In yet another embodiment, a system is disclosed for acquiring seismic data and processing the seismic data. The system can include a data processing apparatus and a seismic acquisition network of seismic sensors configured to acquire a seismic survey. The data processing apparatus having a processor and a data storage device can perform a data processing method disclosed above for polarity detection and correction.

BRIEF DESCRIPTION OF THE DRAWINGS

Embodiments of a method and system for seismic data processing for detecting and correcting changes in signal polarity are described with reference to the following figures. Like numbers are used throughout the figures to reference like features and components.
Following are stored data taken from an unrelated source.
(* Let $f(z)=e^z$ and let $W\subset\mathbb{C}$ be open and nonempty. Then there are infinitely many integers $n\geq 0$ such that $f^n(W)\cap(-\infty,0]\neq\emptyset$.
   Context: $f^n$ denotes the $n$-th iterate of $f$ ($f^0=\mathrm{id}$). *)

theory Defs
  imports "HOL-Analysis.Analysis"
begin

end

theory Submission
  imports Defs "HOL-Complex_Analysis.Complex_Analysis"
begin

(* Suppose not.  Replacing W by a far iterate U = exp^N(W), no iterate exp^n(U) meets (-oo,0].
   The only tool is a Schwarz-Pick estimate for holomorphic maps of a disc into a horizontal strip
   of height pi: the derivative at the centre is at most 2 sin(distance to the lower edge)/radius.
   Images of a disc under exp^n are connected, and exp maps the lines Im z = k*pi onto the real
   axis, so avoidance of (-oo,0] (resp. of all of R) traps exp^n(disc) inside one strip.

   (1) If some exp^m(U) contains a positive real t, the iterates exp^j of a disc around t stay in
       the strip |Im| < pi, while (exp^j)'(t) >= exp(t)^j grows without bound: contradiction.
   (2) Otherwise no exp^n(U) meets R.  Writing exp^n(c) = x_n + i y_n for the centre c of a disc in
       U, the strip estimate bounds prod_{j<n} exp(x_j) by a multiple of |sin y_n|.  An elementary
       study of the real recursion x' = e^x cos y, y' = e^x sin y shows that this forces |y_n| < 1
       eventually and then makes |y_n| grow geometrically: contradiction. *)

lemma cayley_norm_less_1:
  assumes "Im w > 0" and "Im w0 > 0"
  shows "norm ((w - w0) / (w - cnj w0)) < 1"
proof -
  have "(norm (w - w0))\<^sup>2 < (norm (w - cnj w0))\<^sup>2"
    using assms unfolding cmod_power2 by (simp add: power2_eq_square algebra_simps)
  hence "norm (w - w0) < norm (w - cnj w0)" by (rule power_less_imp_less_base) simp
  thus ?thesis by (simp add: norm_divide divide_less_eq)
qed

lemma cayley_has_derivative:
  assumes dF: "(F has_field_derivative F') (at z)" and Fz: "F z = w0" and w0: "Im w0 > 0"
  shows "((\<lambda>u. (F u - w0) / (F u - cnj w0)) has_field_derivative F' / (w0 - cnj w0)) (at z)"
proof -
  have w0_ne: "w0 - cnj w0 \<noteq> 0" using w0 by (auto simp: complex_eq_iff)
  have "((\<lambda>u. (F u - w0) / (F u - cnj w0)) has_field_derivative
          (F' * (w0 - cnj w0) - (w0 - w0) * F') / (w0 - cnj w0)\<^sup>2) (at z)"
    using DERIV_divide[OF DERIV_diff[OF dF DERIV_const[of w0]] DERIV_diff[OF dF DERIV_const[of "cnj w0"]]]
      w0_ne Fz by (simp add: power2_eq_square)
  thus ?thesis using w0_ne by (simp add: power2_eq_square)
qed

(* Schwarz lemma for maps of a disc into the upper half-plane: |f'(c)| r <= 2 Im f(c).
   Obtained by composing with the Cayley transform centred at f(c) and rescaling the disc. *)
lemma upper_halfplane_schwarz:
  fixes f :: "complex \<Rightarrow> complex"
  assumes hol: "f holomorphic_on ball c r" and r: "r > 0"
    and der: "(f has_field_derivative f') (at c)"
    and upper: "\<And>z. z \<in> ball c r \<Longrightarrow> Im (f z) > 0"
  shows "norm f' * r \<le> 2 * Im (f c)"
proof -
  define w0 where "w0 = f c"
  define F where "F u = f (c + of_real r * u)" for u
  define h where "h u = (F u - w0) / (F u - cnj w0)" for u
  have F_upper: "Im (F u) > 0" if "norm u < 1" for u
    using upper[of "c + of_real r * u"] that r by (simp add: F_def dist_norm norm_mult)
  have w0: "Im w0 > 0" using F_upper[of 0] by (simp add: F_def w0_def)
  have F0: "F 0 = w0" by (simp add: F_def w0_def)
  have "F holomorphic_on ball 0 1"
    unfolding F_def
    by (rule holomorphic_on_compose_gen[where g = f and t = "ball c r", unfolded o_def])
       (use hol r in \<open>auto intro!: holomorphic_intros simp: dist_norm norm_mult\<close>)
  moreover have "F u - cnj w0 \<noteq> 0" if "norm u < 1" for u
    using F_upper[OF that] w0 by (auto simp: complex_eq_iff)
  ultimately have h_holomorphic: "h holomorphic_on ball 0 1"
    unfolding h_def by (intro holomorphic_intros) auto
  have h_less_1: "norm (h u) < 1" if "norm u < 1" for u
    unfolding h_def using cayley_norm_less_1[OF F_upper[OF that] w0] .
  have "((\<lambda>u. c + of_real r * u) has_field_derivative of_real r) (at 0)"
    by (auto intro!: derivative_eq_intros)
  from DERIV_chain2[OF _ this, of f f'] der
  have "(F has_field_derivative f' * of_real r) (at 0)" by (simp add: F_def[abs_def])
  hence "(h has_field_derivative f' * of_real r / (w0 - cnj w0)) (at 0)"
    unfolding h_def[abs_def] using F0 w0 by (rule cayley_has_derivative)
  moreover have "h 0 = 0" by (simp add: h_def F0)
  ultimately have "norm (f' * of_real r / (w0 - cnj w0)) \<le> 1"
    using Schwarz_Lemma(2)[OF h_holomorphic _ h_less_1, of 0] by (simp add: DERIV_imp_deriv)
  moreover have "norm (w0 - cnj w0) = 2 * Im w0"
    using w0 by (simp add: complex_diff_cnj norm_mult)
  ultimately show ?thesis
    using w0 r by (simp add: norm_divide norm_mult divide_le_eq w0_def split: if_splits)
qed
FIG. 1 illustrates a wellsite system, in accordance with one or more implementations of various techniques described herein.
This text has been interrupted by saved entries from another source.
section \<open>Counting\<close>

lemma realizable_add_cycles:
  assumes "realizable k m \<sigma> \<beta>" "2 \<le> l" "l dvd k"
  shows "realizable k (m + j * l) (\<sigma> * (-1) ^ (j * (l - 1))) (\<beta> + j * (l - 2))"
proof (induction j)
  case 0
  then show ?case
    using assms(1) by simp
next
  case (Suc j)
  then have "realizable k (m + j * l + l) (\<sigma> * (-1) ^ (j * (l - 1)) * (-1) ^ (l - 1))
      (\<beta> + j * (l - 2) + (l - 2))"
    using admissible_add_cycle[OF _ assms(2,3)] unfolding realizable_def by blast
  then show ?case
    by (simp add: ac_simps power_add)
qed

lemma realizable_add_fixed_points:
  assumes "realizable k m \<sigma> \<beta>" "j \<le> \<beta>"
  shows "realizable k (m + j) \<sigma> (\<beta> - j)"
  using assms(2)
proof (induction j)
  case 0
  then show ?case
    using assms(1) by simp
next
  case (Suc j)
  then have "realizable k (m + j + 1) \<sigma> (\<beta> - j - 1)"
    using admissible_add_fixed_point unfolding realizable_def by fastforce
  then show ?case
    by simp
qed

lemma realizable_fill:
  assumes "realizable k m \<sigma> \<beta>" "m \<le> n" "n - m \<le> \<beta>"
  shows "\<exists>\<beta>'. realizable k n \<sigma> \<beta>'"
  using realizable_add_fixed_points[OF assms(1,3)] assms(2) by auto

lemma realizable_cycles:
  assumes "3 \<le> k" "1 \<le> q"
  shows "realizable k (q * k) ((-1) ^ (q * (k - 1))) (k - 3 + (q - 1) * (k - 2))"
proof -
  obtain p where q: "q = Suc p"
    using assms(2) by (cases q) auto
  have "realizable k (k + p * k) ((-1) ^ (k - 1) * (-1) ^ (p * (k - 1))) (k - 3 + p * (k - 2))"
    using realizable_add_cycles[OF realizable_single_cycle[OF assms(1)]] assms(1) by simp
  then show ?thesis
    unfolding q by (simp add: power_add)
qed

lemma two_le_div:
  fixes k n :: nat
  assumes "0 < k" "2 * k \<le> n"
  shows "2 \<le> n div k"
  using div_le_mono[OF assms(2), of k] assms(1) by simp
FIG. 2 shows a first seismic data processing method work flow, in accordance with one or more implementations of various techniques described herein.

FIG. 3 shows a plot of a gathered seismic signal of eight seismic data traces, i.e., a synthetic signal plus real noise, on 9 channels, plotted versus time (milliseconds).

FIG. 4 shows a plot of the seismic signal of FIG. 3 with specific quantities of interest before a first iteration of the processing method of the present disclosure.

FIG. 5 shows a plot of the seismic signal of FIG. 3 with specific quantities of interest after three iterations.

FIG. 6 shows the data traces of FIG. 3 windowed by the AGCed STA/LTA of the phase-weighted stack, where “AGCed STA/LTA” stands for Automatic Gain Controlled ratio of the short term average (STA) to the long term average (LTA).

FIG. 7 shows plots of correlation coefficients between channels 1-8 and the AGCed STA/LTA of the phase-weighted stack of the seismic data of FIG. 3.

FIG. 8 shows a plot of a final phase-weighted stack after three iterations of processing are complete.

FIG. 9 shows a plot of the seismic data as a function of the AGCed STA/LTA of the final phase-weighted stack after three iterations are complete.

FIG. 10 shows a plot of the correlation coefficients by channel after four iterations are complete.

FIG. 11 shows a seismic data processing method work flow, in accordance with one or more implementations of various techniques described herein.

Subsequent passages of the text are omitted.